Just as there are many books about books and books about libraries, so there are many websites about the web. It is a very self-referential medium. However, there is a paradox in the BL’s current programme. Because the BL has to seek permission to collect each and every site, it may collect sites that it cannot then provide access to at all, and it cannot provide any access to sites except to readers in its reading rooms. To be able to collect the web but then not to be able to serve it back up to people through the web seems very strange.

Another issue of preservation is that the appearance of websites is browser-dependent, so a site may not look the same to people using different technology.

It is important that online information is preserved, as now websites are considered to be authentic sources of information – cited in PhDs for example – and so some way of verfiying that they existed and what content they contained is needed.

Reports have been produced by JISC and the Wellcome Trust (2002 Collecting and Preserving the World Wide Web) and (2002 Legal issues relating to the
archiving of Internet resources in the UK, EU, USA and Australia
by Andrew Charlesworth).

The BL undertook a Domain UK project to establish what the scope of a web archiving project might be. The BL used Australian PANDAS software. The UK web Archiving Consortium (UKWAC) was set up in 2003 but the need to obtain permissions has seriously limited its scope, as most website owners simply do not respond to permissions requests (very few actively refuse permission), presumably most ignore the request as spam or simply fail to reply.

The data has now been migrated from the PANDAS format to WARC and an access tool is in development. There are some 6 million UK websites, growing at a rate of 16% per year, and they are also growing in size (on average they are about 25Mb, increasing at a rate of 5% per year).

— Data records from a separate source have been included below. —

lemma eqT_top_if_tail_top: "wf X \<Longrightarrow> tail X = TTop \<Longrightarrow> eqT X top"
proof (induction X rule: wf_induct [OF wf_measures [of "[nontop_mus, size]"]])
  case (1 X)
  have IH: "eqT Y top" if "nontop_mus Y < nontop_mus X \<or> nontop_mus Y = nontop_mus X \<and> size Y < size X"
    and "wf Y" and "tail Y = TTop" for Y
    using 1 that by (auto simp: measures_def)
  show ?case
  proof (cases X)
    case (Arr A B)
    then have "eqT B top" using 1 by (intro IH) auto
    then have "eqT (Arr A B) (Arr A top)" using 1 Arr by (auto intro: eqT.arr eqT.refl)
    also have "eqT \<dots> top" using 1 Arr by (auto intro: eqT.arr_top)
    finally show ?thesis using Arr by simp
  next
    case (Later A)
    then have "tail A = TTop" using 1 by (cases "tail A") auto
    then have "eqT A top" using 1 Later by (intro IH) auto
    then have "eqT (Later A) (Later top)" by (rule eqT.later)
    also have "eqT \<dots> top" by (rule eqT.sym [OF top_eqT_later_top])
    finally show ?thesis using Later by simp
  next
    case (Mu A)
    show ?thesis
    proof (cases "X = top")
      case False
      have A: "wf A" "proper 0 A" using 1 Mu by auto
      have "tail (subst 0 top A) = TTop"
        using 1 Mu by (auto simp: tail_subst split: tail_form.splits nat.splits)
      moreover have "nontop_mus (subst 0 top A) < nontop_mus X"
        using nontop_mus_subst_top [of 0 A] False Mu by simp
      ultimately have "eqT (subst 0 top A) top" using A by (intro IH wf_subst0) auto
      then have "eqT top (Mu A)" using A by (intro eqT.fixpt) (auto intro: eqT.sym)
      then show ?thesis using Mu by (simp add: eqT.sym)
    qed (auto intro: eqT.refl)
  qed (use 1 in auto)
qed

fun mu_head_var :: "ty \<Rightarrow> nat \<Rightarrow> bool" where
  "mu_head_var (Var j) k = (j = k)"
| "mu_head_var (Arr A B) k = False"
| "mu_head_var (Later A) k = False"
| "mu_head_var (Mu A) k = mu_head_var A (Suc k)"

fun head_var :: "ty \<Rightarrow> nat \<Rightarrow> bool" where
  "head_var (Var j) k = (j = k)"
| "head_var (Arr A B) k = False"
| "head_var (Later A) k = head_var A k"
| "head_var (Mu A) k = head_var A (Suc k)"

fun mu_arrow :: "ty \<Rightarrow> bool" where
  "mu_arrow (Var j) = False"
| "mu_arrow (Arr A B) = True"
| "mu_arrow (Later A) = False"
| "mu_arrow (Mu A) = mu_arrow A"

fun head_arrow :: "ty \<Rightarrow> bool" where
  "head_arrow (Var j) = False"
| "head_arrow (Arr A B) = True"
| "head_arrow (Later A) = head_arrow A"
| "head_arrow (Mu A) = head_arrow A"

lemma mu_arrow_lift [simp]: "mu_arrow (lift k X) = mu_arrow X"
  by (induct X arbitrary: k) auto

lemma head_arrow_lift [simp]: "head_arrow (lift k X) = head_arrow X"
  by (induct X arbitrary: k) auto

lemma mu_arrow_subst: "mu_arrow (subst k s X) = (mu_arrow X \<or> mu_head_var X k \<and> mu_arrow s)"
  by (induct X arbitrary: k s) auto

lemma head_arrow_subst: "head_arrow (subst k s X) = (head_arrow X \<or> head_var X k \<and> head_arrow s)"
  by (induct X arbitrary: k s) auto

lemma tail_if_mu_head_var: "mu_head_var X k \<Longrightarrow> \<exists>n. tail X = TVar n k"
  by (induct X arbitrary: k) fastforce+

lemma tail_if_head_var: "head_var X k \<Longrightarrow> \<exists>n. tail X = TVar n k"
  by (induct X arbitrary: k) fastforce+
lemma prefix_sum_abs_le:
  fixes col :: "nat \<Rightarrow> int" and B :: "nat \<Rightarrow> real"
  assumes u: "u < 2^J" and B0: "\<And>j. B j \<ge> 0"
    and B: "\<And>j q. j < J \<Longrightarrow> q * 2^(j+1) + 2^j \<le> u \<Longrightarrow> \<bar>real_of_int (block_sum n X d r col j q)\<bar> \<le> B j"
  shows "\<bar>real_of_int (prefix_sum n X d r col u)\<bar> \<le> (\<Sum>j<J. B j)"
proof -
  have "\<bar>real_of_int (prefix_sum n X d r col u)\<bar>
      \<le> (\<Sum>j<J. \<bar>real_of_int (if odd (u div 2^j) then block_sum n X d r col j (u div 2^(j+1)) else 0)\<bar>)"
    unfolding prefix_sum_blocks[OF u] of_int_sum by (rule sum_abs)
  also have "\<dots> \<le> (\<Sum>j<J. B j)"
  proof (intro sum_mono)
    fix j assume j: "j \<in> {..<J}"
    have "u div 2^(j+1) * 2^(j+1) + 2^j \<le> u" if "odd (u div 2^j)"
    proof -
      have "u div 2^(j+1) = u div 2^j div 2"
        by (simp only: power_Suc2 Suc_eq_plus1[symmetric] div_mult2_eq)
      then have "u div 2^j = 2 * (u div 2^(j+1)) + 1"
        using odd_two_times_div_two_succ[OF that] by simp
      moreover have "u div 2^j * 2^j \<le> u" by (rule div_times_less_eq_dividend)
      ultimately show ?thesis by (simp add: algebra_simps)
    qed
    then show "\<bar>real_of_int (if odd (u div 2^j) then block_sum n X d r col j (u div 2^(j+1)) else 0)\<bar> \<le> B j"
      using B j B0 by auto
  qed
  finally show ?thesis .
qed

lemma arith_prog_discrepancy_le:
  fixes col :: "nat \<Rightarrow> int" and B :: "nat \<Rightarrow> real"
  assumes n: "n > 0" and X: "X \<subseteq> {..<n}" and J: "2 * card X < 2^J"
    and B0: "\<And>j. B j \<ge> 0" and bounded: "block_sums_bounded n X J B col" and A: "A \<in> APs n"
  shows "\<bar>real_of_int (\<Sum>x\<in>A \<inter> X. col x)\<bar> \<le> 2 * (\<Sum>j<J. B j)"
proof -
  obtain a d l where A: "A = arith_prog n a d l" and a: "a < n" and d: "d < n" and l: "l * gcd n d \<le> n"
    using A unfolding APs_def by blast
  obtain r K0 K1 where r: "r < gcd n d" and K: "K0 \<le> K1" "K1 \<le> 2 * walk_period n d"
    and sum_eq: "(\<Sum>x\<in>A \<inter> X. col x)
                  = prefix_sum n X d r col (walk_rank n X d r K1) - prefix_sum n X d r col (walk_rank n X d r K0)"
    using arith_prog_sum_eq_prefix_diff[OF n a l, where X = X and col = col] unfolding A by blast
  have visits: "walk_visits n X d r < 2^J"
    using member_le_sum[of r "{..<gcd n d}" "walk_visits n X d"] r sum_walk_visits[OF n X, of d] J by simp
  have prefix: "\<bar>real_of_int (prefix_sum n X d r col (walk_rank n X d r K))\<bar> \<le> (\<Sum>j<J. B j)"
    if "K \<le> 2 * walk_period n d" for K
  proof (rule prefix_sum_abs_le[OF _ B0])
    have "walk_rank n X d r K \<le> walk_visits n X d r" using that by (rule walk_rank_mono)
    then show "walk_rank n X d r K < 2^J" using visits by linarith
    note \<open>walk_rank n X d r K \<le> walk_visits n X d r\<close>
    show "\<bar>real_of_int (block_sum n X d r col j q)\<bar> \<le> B j"
      if "j < J" "q * 2^(j+1) + 2^j \<le> walk_rank n X d r K" for j q
      using bounded that(1) d r le_trans[OF that(2) \<open>walk_rank n X d r K \<le> walk_visits n X d r\<close>]
      unfolding block_sums_bounded_def block_indices_def by force
  qed
  show ?thesis using prefix[of K0] prefix[of K1] K unfolding sum_eq by simp
qed

lemma block_sums_coloring:
  fixes n J :: nat and X :: "nat set" and L :: real
  assumes n: "n > 0" and X: "X \<subseteq> {..<n}" and m: "card X > 0" and J: "2 * card X < 2^J"
    and L: "L = ln (real n / real (card X))"
  shows "\<exists>col::nat\<Rightarrow>int. (\<forall>x\<in>X. col x \<in> {-1,0,1}) \<and> real (card {x\<in>X. col x \<noteq> 0}) \<ge> card X / 10
           \<and> block_sums_bounded n X J (block_threshold L J) col"
proof -
  define w :: "nat \<times> nat \<times> nat \<times> nat \<Rightarrow> nat \<Rightarrow> real"
    where "w = (\<lambda>(d, r, j, q). block_weight n X d r j q)"
  define V :: "nat \<times> nat \<times> nat \<times> nat \<Rightarrow> real" where "V = (\<lambda>(d, r, j, q). 2 * 2^j)"
  define D :: "nat \<times> nat \<times> nat \<times> nat \<Rightarrow> real" where "D = (\<lambda>(d, r, j, q). block_threshold L J j)"
  have finX: "finite X" using X finite_subset by blast
  have L0: "L \<ge> 0" unfolding L using m card_mono[OF _ X] by (simp add: field_simps)
  obtain col :: "nat \<Rightarrow> int" where col: "\<forall>x\<in>X. col x \<in> {-1,0,1}" "real (card {x\<in>X. col x \<noteq> 0}) \<ge> real (card X) / 10"
    and bound: "\<forall>i\<in>block_indices n X J. \<bar>\<Sum>x\<in>X. w i x * col x\<bar> \<le> D i"
  proof (atomize_elim, rule partial_coloring[OF finX m finite_block_indices])
    show "(\<Sum>x\<in>X. (w i x)^2) \<le> V i" if "i \<in> block_indices n X J" for i
      using that sum_block_weight_sq_le[OF n _ finX] unfolding block_indices_def V_def w_def by auto
    show "(D i)^2 \<ge> 80 * V i" for i
      using L0 unfolding V_def D_def by (auto simp: block_threshold_squared split: prod.splits)
    have "(\<Sum>i\<in>block_indices n X J. exp (-((D i)^2 / V i)/4))
        = (\<Sum>(d, r, j, q)\<in>block_indices n X J. exp (-(L + 20 + real (J - Suc j))))"
      using L0 by (intro sum.cong) (auto simp: D_def V_def block_threshold_squared field_simps)
    also have "\<dots> \<le> real (card X) / 10" by (rule sum_block_indices_cost_le[OF n X m J L])
    finally show "(\<Sum>i\<in>block_indices n X J. exp (-((D i)^2 / V i)/4)) \<le> real (card X) / 10" .
  qed (use L0 in \<open>auto simp: V_def D_def block_threshold_pos split: prod.splits\<close>)
  have "block_sums_bounded n X J (block_threshold L J) col"
    unfolding block_sums_bounded_def
  proof (clarify)
    fix d r j q assume "(d, r, j, q) \<in> block_indices n X J"
    then show "\<bar>real_of_int (block_sum n X d r col j q)\<bar> \<le> block_threshold L J j"
      using bound block_sum_eq_weighted_sum[OF finX] unfolding w_def D_def by fastforce
  qed
  then show ?thesis using col by blast
qed

theorem lemma2p2:
  fixes n :: nat and X :: "nat set"
  assumes "n > 0" and "X \<subseteq> {0..<n}" and "card X > 0"
  shows "\<exists>(col::nat \<Rightarrow> int).
           (\<forall>x\<in>X. col x \<in> {-1, 0, 1}) \<and>
           real (card {x\<in>X. col x \<in> {-1, 1}}) \<ge> real (card X) / 10 \<and>
           (\<forall>A\<in>APs n. \<bar>real_of_int (\<Sum>x\<in>A \<inter> X. col x)\<bar>
               \<le> 200 * sqrt (real (card X)) * sqrt (ln (exp 1 * real n / real (card X))))"
proof -
  define m where "m = card X"
  define L where "L = ln (real n / real m)"
  have X: "X \<subseteq> {..<n}" using assms(2) by auto
  have m: "m > 0" "m \<le> n" using assms card_mono[OF _ assms(2)] unfolding m_def by auto
  have L0: "L \<ge> 0" unfolding L_def using m by (simp add: field_simps)
  obtain J0 where J0: "2^J0 \<le> 2 * m" "2 * m < 2^Suc J0" using ex_power_ivl1[of 2 "2 * m"] m by auto
  define J where "J = Suc J0"
  have J: "2 * card X < 2^J" using J0(2) unfolding J_def m_def .
  have "real (2^J) \<le> real (4 * m)" using J0(1) unfolding J_def by (simp only: of_nat_le_iff) simp
  then have J': "(2::real)^J \<le> 4 * real m" by simp
  have B0: "block_threshold L J j \<ge> 0" for j using block_threshold_pos[OF L0] less_imp_le by blast
  obtain col where col: "\<forall>x\<in>X. col x \<in> {-1,0,1}" "real (card {x\<in>X. col x \<noteq> 0}) \<ge> real m / 10"
    and bounded: "block_sums_bounded n X J (block_threshold L J) col"
    using block_sums_coloring[OF assms(1) X assms(3) J] unfolding L_def m_def by blast
  have "2 * (\<Sum>j<J. block_threshold L J j) \<le> 2 * (90 * sqrt (real m) * sqrt (1 + L))"
    using sum_block_threshold_le[OF _ L0 J'] m by simp
  also have "\<dots> \<le> 200 * sqrt (real m) * sqrt (1 + L)" using L0 by simp
  also have "1 + L = ln (exp 1 * real n / real m)"
    unfolding L_def using m by (simp add: ln_mult ln_div)
  finally have "\<bar>real_of_int (\<Sum>x\<in>A \<inter> X. col x)\<bar> \<le> 200 * sqrt (real m) * sqrt (ln (exp 1 * real n / real m))"
    if "A \<in> APs n" for A
    using arith_prog_discrepancy_le[OF assms(1) X J B0 bounded that] by linarith
  moreover have "{x\<in>X. col x \<in> {-1, 1}} = {x\<in>X. col x \<noteq> 0}" using col(1) by auto
  ultimately show ?thesis using col unfolding m_def by auto
qed

end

Decisions have to be made on frequency of collection, depth of collection, and quality. There are other peripheral legal issues, such as sites that fall under terrorism-related legislation. At present the BL can collect these sites but not provide access to them.

Resource discovery remains a major challenge, including how to combine cataloguing and search engine technology. So far, a thematic approach to organisation has been taken. Scalability is also a big issue. What works for a few thousand sites will not necessarily work for a few million.

This means that the nature of the “collecting institution” is changing. It is much harder to decide if a site is in or out of scope. A site may have parts that are clearly in scope and parts that clearly aren’t or it may change through time, sometimes being in scope and sometimes not.

The Digital Lives Project in association with UCL and the University of Bristol is looking at how the web is becoming an everyday part of our social and personal lifestyles.

The talks were followed by a question and answer session. I asked for more detail about the “twilight zone” of public and private websites. Both speakers agreed that there is a great need for more education on digital awareness, so that young people appreciate that putting things up on the Internet really is a form of publishing and their blogs and comments in public forums are not just private “chats” with friends. However, in France there has been little resistance to such personal material being collected. Most people are proud to have their sites considered to be part of the national heritage. A lot of outreach work has been done by the BnF to explain the aims of the archive and discuss any concerns. Gildas Ilien also pointed out that people do not necessailry have “the right to be forgotten” and that this is in fact not new. It has happened in the past that people have asked for books and other information to be removed from libraries, perhaps because they have changed their political viewpoint, and that a library would not simply remove a book from its shelves because the author decided that they had changed their mind about something in it.

There is a recent interview with Gildas Ilien (in French) on You Tube called L’archivage d’Internet, un défi pour les bibliothécaires.